There was no concerted law enforcement effort against Chinese money laundering, I told him, so there was no investigator who could talk to him about it. There have been essentially no prosecutions for him to look into, and there is almost no research into where the money has been going, how it’s been getting there, or indeed how much of it there is.
He kept coming at the questions from different angles, as if he thought that he just needed to find the right password to unlock the door hiding Britain’s enforcement mechanism. Where was the equivalent of the Federal Bureau of Investigation’s international corruption squad? Who was doing the work of the kleptocracy team at the Department of Justice? What about Homeland Security Investigations; did Britain have something like them? Were prosecutors building cases in a British version of the Southern District of New York? Was bringing down a big Chinese money-laundering ring the kind of case that would make their careers? Which parliamentary commissions were forensically probing this? Surely, someone was? As he talked, I began to see the situation through his eyes, which gave me a perspective I’d never had before.
The problem was that he could keep trying different passwords until the rocks rotted away, but it wouldn’t help: there was no cave of treasures for him to open. If he wanted to find out how much Chinese money was entering the UK, who was moving it, and what it was buying, he was going to have to start from scratch and do all the work himself. Andrew had come to London expecting to discover how Britain was helping to fight illicit finance, and he was discovering that this was not happening at all. Quite the reverse, in fact.

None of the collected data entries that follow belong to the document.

(* Let $(z,w)\mapsto(f(z),aw+g(z))=:(z',w')$, with $f,g$ holomorphic and $a\in\mathbb{R}\setminus\{0\}$, be a local rigid biholomorphism of $\mathbb{C}^2$ mapping the rigid hypersurface $\{u=F(z,\bar z)\}$ into the rigid hypersurface $\{u'=F'(z',\bar z')\}$. Then $$F_{zz\bar z\bar z}F_{z\bar z}-F_{zz\bar z}F_{z\bar z\bar z}\equiv\frac1{a^2}\big(f_z\bar f_{\bar z}\big)^3\Big[F'_{z'z'\bar z'\bar z'}F'_{z'\bar z'}-F'_{z'z'\bar z'}F'_{z'\bar z'\bar z'}\Big],$$ where the derivatives of $F'$ are evaluated at $(f(z),\overline{f(z)})$.
   Context: Coordinates on $\mathbb{C}^2$ are $(z,w)$, $w=u+iv$; $F,F'$ are real-valued real-analytic; $\bar f_{\bar z}=\overline{f_z}$. *)

theory Defs
  imports "HOL-Analysis.Analysis"
begin

text \<open>Real-analytic real-valued functions of z = x + i y: locally an absolutely
convergent double power series in (x - x0, y - y0).\<close>
definition real_analytic_on :: "(complex \<Rightarrow> real) \<Rightarrow> complex set \<Rightarrow> bool" where
  "real_analytic_on F U \<longleftrightarrow>
     (\<forall>z0\<in>U. \<exists>r>0. \<exists>c :: nat \<Rightarrow> nat \<Rightarrow> real.
        \<forall>x y. \<bar>x\<bar> < r \<and> \<bar>y\<bar> < r \<longrightarrow>
          ((\<lambda>(j,k). c j k * x ^ j * y ^ k) has_sum F (z0 + Complex x y)) UNIV)"

definition dx :: "(complex \<Rightarrow> complex) \<Rightarrow> complex \<Rightarrow> complex" where
  "dx h z = frechet_derivative h (at z) 1"

definition dy :: "(complex \<Rightarrow> complex) \<Rightarrow> complex \<Rightarrow> complex" where
  "dy h z = frechet_derivative h (at z) \<i>"

definition Dz :: "(complex \<Rightarrow> complex) \<Rightarrow> complex \<Rightarrow> complex" where
  "Dz h = (\<lambda>z. (dx h z - \<i> * dy h z) / 2)"

definition Dzb :: "(complex \<Rightarrow> complex) \<Rightarrow> complex \<Rightarrow> complex" where
  "Dzb h = (\<lambda>z. (dx h z + \<i> * dy h z) / 2)"

end

theory Submission
  imports Defs "HOL-Complex_Analysis.Complex_Analysis"
begin

text \<open>Rigidity means \<open>a F = F' \<circ> f - Re g\<close> on \<open>U\<close>. With \<open>g\<close> holomorphic,
  \<open>Re g = (g + cnj g) / 2\<close> is killed by \<open>Dz \<circ> Dzb\<close>, so every derivative occurring in the
  invariant only sees \<open>F' \<circ> f / a\<close>. For holomorphic \<open>f\<close> the Wirtinger chain rule reads
  \<open>Dz (h \<circ> f) = f' (Dz h \<circ> f)\<close> and \<open>Dzb (h \<circ> f) = cnj f' (Dzb h \<circ> f)\<close>; applying it repeatedly
  yields the factor \<open>(f' cnj f')\<^sup>3 / a\<^sup>2\<close>, while the terms involving \<open>f''\<close> cancel in the
  combination. Real-analyticity of \<open>F'\<close> is used only to ensure that the iterated Wirtinger
  derivatives of \<open>F'\<close> exist, by termwise differentiation of its double power series.\<close>

section \<open>Wirtinger calculus\<close>

lemma has_derivative_Wirtinger:
  assumes "h differentiable (at z)"
  shows "(h has_derivative (\<lambda>v. Dz h z * v + Dzb h z * cnj v)) (at z)"
proof -
  obtain D where D: "(h has_derivative D) (at z)"
    using assms differentiable_def by blast
  have "D v = Dz h z * v + Dzb h z * cnj v" for v
  proof -
    have "v = Re v *\<^sub>R 1 + Im v *\<^sub>R \<i>" by (simp add: complex_eq_iff)
    then have "D v = Re v *\<^sub>R D 1 + Im v *\<^sub>R D \<i>"
      using has_derivative_linear[OF D] by (metis linear_add linear_scale)
    then show ?thesis
      unfolding Dz_def Dzb_def dx_def dy_def frechet_derivative_at[OF D, symmetric]
      by (simp add: scaleR_conv_of_real field_simps complex_eq_iff)
  qed
  with D show ?thesis by (metis (no_types, lifting) ext)
qed

lemma Dz_Dzb_eqI:
  assumes "(h has_derivative (\<lambda>v. a * v + b * cnj v)) (at z)"
  shows "Dz h z = a" "Dzb h z = b"
  using frechet_derivative_at[OF assms, symmetric]
  by (simp_all add: Dz_def Dzb_def dx_def dy_def field_simps)

lemma Dz_Dzb_cong_open:
  assumes "open U" "z \<in> U" "\<And>x. x \<in> U \<Longrightarrow> h1 x = h2 x"
  shows "Dz h1 z = Dz h2 z" and "Dzb h1 z = Dzb h2 z"
proof -
  have "frechet_derivative h1 (at z) = frechet_derivative h2 (at z)"
    unfolding frechet_derivative_def
    using has_derivative_transform_within_open[OF _ assms(1,2)] assms(2,3) by metis
  then show "Dz h1 z = Dz h2 z" "Dzb h1 z = Dzb h2 z"
    by (simp_all add: Dz_def Dzb_def dx_def dy_def)
qed

lemma Dz_Dzb_add:
  assumes "h1 differentiable (at z)" "h2 differentiable (at z)"
  shows "Dz (\<lambda>x. h1 x + h2 x) z = Dz h1 z + Dz h2 z"
    and "Dzb (\<lambda>x. h1 x + h2 x) z = Dzb h1 z + Dzb h2 z"
proof -
  have "((\<lambda>x. h1 x + h2 x) has_derivative
      (\<lambda>v. (Dz h1 z + Dz h2 z) * v + (Dzb h1 z + Dzb h2 z) * cnj v)) (at z)"
    by (rule has_derivative_eq_rhs[OF has_derivative_add[OF
          has_derivative_Wirtinger[OF assms(1)] has_derivative_Wirtinger[OF assms(2)]]])
       (simp add: algebra_simps)
  then show "Dz (\<lambda>x. h1 x + h2 x) z = Dz h1 z + Dz h2 z"
    and "Dzb (\<lambda>x. h1 x + h2 x) z = Dzb h1 z + Dzb h2 z"
    by (rule Dz_Dzb_eqI)+
qed

lemma Dz_Dzb_mult:
  assumes "h1 differentiable (at z)" "h2 differentiable (at z)"
  shows "Dz (\<lambda>x. h1 x * h2 x) z = Dz h1 z * h2 z + h1 z * Dz h2 z"
    and "Dzb (\<lambda>x. h1 x * h2 x) z = Dzb h1 z * h2 z + h1 z * Dzb h2 z"
proof -
  have "((\<lambda>x. h1 x * h2 x) has_derivative (\<lambda>v. (Dz h1 z * h2 z + h1 z * Dz h2 z) * v
      + (Dzb h1 z * h2 z + h1 z * Dzb h2 z) * cnj v)) (at z)"
    by (rule has_derivative_eq_rhs[OF has_derivative_mult[OF
          has_derivative_Wirtinger[OF assms(1)] has_derivative_Wirtinger[OF assms(2)]]])
       (simp add: algebra_simps)
  then show "Dz (\<lambda>x. h1 x * h2 x) z = Dz h1 z * h2 z + h1 z * Dz h2 z"
    and "Dzb (\<lambda>x. h1 x * h2 x) z = Dzb h1 z * h2 z + h1 z * Dzb h2 z"
    by (rule Dz_Dzb_eqI)+
qed

lemma Dz_Dzb_holomorphic:
  assumes "f field_differentiable (at z)"
  shows "Dz f z = deriv f z" and "Dzb f z = 0"
proof -
  have "(f has_derivative (\<lambda>v. deriv f z * v + 0 * cnj v)) (at z)"
    using field_differentiable_derivI[OF assms] by (simp add: has_field_derivative_def)
  then show "Dz f z = deriv f z" and "Dzb f z = 0"
    by (rule Dz_Dzb_eqI)+
qed

lemma Dz_Dzb_cnj_holomorphic:
  assumes "f field_differentiable (at z)"
  shows "Dz (\<lambda>x. cnj (f x)) z = 0" and "Dzb (\<lambda>x. cnj (f x)) z = cnj (deriv f z)"
proof -
  have "((\<lambda>x. cnj (f x)) has_derivative (\<lambda>v. 0 * v + cnj (deriv f z) * cnj v)) (at z)"
    using has_derivative_cnj[OF field_differentiable_derivI[OF assms, unfolded has_field_derivative_def]]
    by simp
  then show "Dz (\<lambda>x. cnj (f x)) z = 0" and "Dzb (\<lambda>x. cnj (f x)) z = cnj (deriv f z)"
    by (rule Dz_Dzb_eqI)+
qed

It is, of course, not just Britain that helps Chinese kleptocrats and criminals to launder money. The shadow financial system used by the Chinese criminals he was investigating is transnational by its nature. It transcends any one jurisdiction and derives its power and its resilience from the fact it does not rely on any one place: if one jurisdiction becomes hostile, money effortlessly relocates to somewhere that isn’t. And it grows all the time as lawyers, accountants, and others persuade politicians to give them access to the kind of fees they can generate by moving money around. You can find it as much in Dubai, Sydney, Lichtenstein, and Curaçao as you can in Switzerland or New York. But you find it most of all in London.